Happy New Year Folks!
Hoping someone has a clear head today and can help answer the following.
Set up: Oracle 11g 2 node RAC on Windows 2008 running ASM
An alert has been raised on both ASM instances as follows: Disk Group OCR_VOTE requires rebalance because the space usage imbalance between disks is high.
I have manually ran a rebalance on both instances but this has not cleared the alert. I have also tried to run the rebalance via EM but that doesn't work either.
I have connects as sys with SYSASM and run the follwing:
ALTER DISKGROUP OCR_VOTE REBALANCE POWER 5;
This appears to work as I get the output Diskgroup Altered but the alert remains.
Any ideas of what I am doing wrong or is this one of those annoying alerts that never clear.
Any help would be appreciated.
Not familiar with SANs usage by Windows. Do you by Fileshare mean SMB protocol between file server and database server?
And how is it configured RAID/redundancy wise? Is RAID used on the file server to provide a LUN via SMB that the Windows server use as a NTFS file system? Or are the raw disks on the file server presented as is (as a scsi device) to the Windows server (no RAID)?
What does ASM use as raw devices? The actual SMB device? A "raw file" on the SMB mount/map drive? Something else?
The ASM diskgroup for voting and OCR files are by default required as a high redundancy diskgroup (3 way "mirror"). One need to explicitly override this at install time if the LUN provided by the SAN is already redundant (RAID'ed) and external redundancy is used.
How is your OCR_VOTE diskgroup configured (ito disks, failgroups and redundancy)?
Are there any outstanding rebalancing processes in ASM (what does select * from v$asm_operation show)?

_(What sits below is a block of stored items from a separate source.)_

(* Assume the setting below with $h$ taking values in $[0,1]$, $n\ge 2m$, $\delta\in(0,1)$, and write $k=\lfloor n/m\rfloor$, $k'=\lfloor n/(2m)\rfloor$, $L=\log(2/\delta)$. If $\eta$ is symmetric, then each of the following holds with probability at least $1-\delta$: \[ U_{n}-\theta\le\sqrt{\frac{2W_{n}}{k}L}+\sqrt{\frac{1}{k}\sqrt{\frac{1}{2k'}}\,L^{3/2}}+\frac{4}{3k}L, \tag{H} \] \[ U_{n}-\theta\le\sqrt{\frac{2W_{n}}{k}L}+\left(\frac{\sqrt{2}}{2}+\frac{\sqrt{42}}{6}\right)\sqrt{\frac{2}{k\,k'}}\,L+\frac{4}{3k}L. \tag{B} \] More generally, (H) and (B) each hold with probability at least $1-\delta$ when $U_n-\theta$ is replaced by $\theta-U_n$, when $W_n$ is replaced by $\tilde W_n$ (in which case symmetry of $\eta$ is not needed), or when both substitutions are made simultaneously.
   Context: Let $\mathbb{X}\subseteq\mathbb{R}^d$ and let $\bm X_1,\dots,\bm X_n\in\mathbb{X}$ be IID with law $F$. Let $m\ge1$ and let $h:\mathbb{X}^m\to[0,1]$ be a measurable symmetric kernel of order $m$ (invariant under every permutation of its $m$ arguments). Let $\theta=\mathbb{E}_F h(\bm X_1,\dots,\bm X_m)$, $\sigma^2=\mathbb{V}_F h(\bm X_1,\dots,\bm X_m)$, and the U-statistic $U_n=\binom{n}{m}^{-1}\sum_{1\le i_1<\dots<i_m\le n}h(\bm X_{i_1},\dots,\bm X_{i_m})$. Define \[ \eta(\bm x_1,\dots,\bm x_{2m})=\tfrac12\left[h(\bm x_1,\dots,\bm x_m)-h(\bm x_{m+1},\dots,\bm x_{2m})\right]^2 , \] call $\eta$ symmetric if it is invariant under every permutation of its $2m$ arguments, and let $\tilde\eta(\bm x_1,\dots,\bm x_{2m})=\frac{1}{(2m)!}\sum_{\pi\in\Pi_{2m}}\eta(\bm x_{\pi(1)},\dots,\bm x_{\pi(2m)})$, $\Pi_{2m}$ the permutations of $\{1,\dots,2m\}$. Let $\mathbb{K}_{2m}$ be the set of $2m$-element subsets $\{\kappa(1)<\dots<\kappa(2m)\}$ of $\{1,\dots,n\}$, $W_n=\binom{n}{2m}^{-1}\sum_{\kappa\in\mathbb{K}_{2m}}\eta(\bm X_{\kappa(1)},\dots,\bm X_{\kappa(2m)})$ and $\tilde W_n=\binom{n}{2m}^{-1}\sum_{\kappa\in\mathbb{K}_{2m}}\tilde\eta(\bm X_{\kappa(1)},\dots,\bm X_{\kappa(2m)})$. $\lfloor\cdot\rfloor$ is the floor function. *)

theory Defs
  imports "HOL-Probability.Probability" "HOL-Combinatorics.Permutations"
begin

text \<open>Arguments of a kernel are functions on the index set {..<r}; the sample is a
function Y :: nat => 'x with Y i the i-th observation (indices 0..n-1).\<close>

definition eta :: "((nat \<Rightarrow> 'x) \<Rightarrow> real) \<Rightarrow> nat \<Rightarrow> (nat \<Rightarrow> 'x) \<Rightarrow> real" where
  "eta h m x = (h (\<lambda>j\<in>{..<m}. x j) - h (\<lambda>j\<in>{..<m}. x (m + j)))\<^sup>2 / 2"

definition eta_tilde :: "((nat \<Rightarrow> 'x) \<Rightarrow> real) \<Rightarrow> nat \<Rightarrow> (nat \<Rightarrow> 'x) \<Rightarrow> real" where
  "eta_tilde h m x = (\<Sum>p\<in>{p. p permutes {..<2*m}}. eta h m (x \<circ> p)) / fact (2*m)"

definition sym_kernel :: "'x measure \<Rightarrow> nat \<Rightarrow> ((nat \<Rightarrow> 'x) \<Rightarrow> real) \<Rightarrow> bool" where
  "sym_kernel S r g = (\<forall>x\<in>space (PiM {..<r} (\<lambda>_. S)). \<forall>p. p permutes {..<r} \<longrightarrow>
      g (\<lambda>j\<in>{..<r}. x (p j)) = g x)"

definition ustat :: "((nat \<Rightarrow> 'x) \<Rightarrow> real) \<Rightarrow> nat \<Rightarrow> nat \<Rightarrow> (nat \<Rightarrow> 'x) \<Rightarrow> real" where
  "ustat g r n Y = (\<Sum>K\<in>{K. K \<subseteq> {..<n} \<and> card K = r}.
      g (\<lambda>j\<in>{..<r}. Y (sorted_list_of_set K ! j))) / real (n choose r)"

definition boundH :: "nat \<Rightarrow> nat \<Rightarrow> real \<Rightarrow> real \<Rightarrow> real" where
  "boundH k k' L w = sqrt (2 * w / real k * L) + sqrt (1 / real k * sqrt (1 / (2 * real k')) * L powr (3/2))
      + 4 / (3 * real k) * L"

definition boundB :: "nat \<Rightarrow> nat \<Rightarrow> real \<Rightarrow> real \<Rightarrow> real" where
  "boundB k k' L w = sqrt (2 * w / real k * L) + (sqrt 2 / 2 + sqrt 42 / 6) * sqrt (2 / (real k * real k')) * L
      + 4 / (3 * real k) * L"

end

theory Submission
  imports Defs
begin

I'm not familiar with Windows SAN usage either !
I didn't set up the DB so I'll need to go back to the clients to answer the questions regarding the set up of LUNs and the OCR_VOTE diskgroup set up as EM is not giving me a lot of information.
I can confirm that there are no records in the v$asm_operation view - I have run the job via EM and via SQLPLUS connecting to both ASM instances.
I'll try and report back later with more info.....
Does not make much sense to me... Windows Server has a SAN s/w component that supports LUNs, multiple I/O paths and so on - all the usual stuff one would expect with a SAN (running Fibre or Infiniband as I/O fabric layer). Why is this not used?
It sounds, from your description, like a typical head-up-behind Windows-Duh! approach (hack) to storage.
If the storage layer is reporting unexpected stuff (wrt to things like total size/available space), ASM could very well be confused. For example, if high redundancy is used for a diskgroup and the disks/LUNs/whatever used are reporting inconsistent/different sizes, it would want to balance the diskgroup.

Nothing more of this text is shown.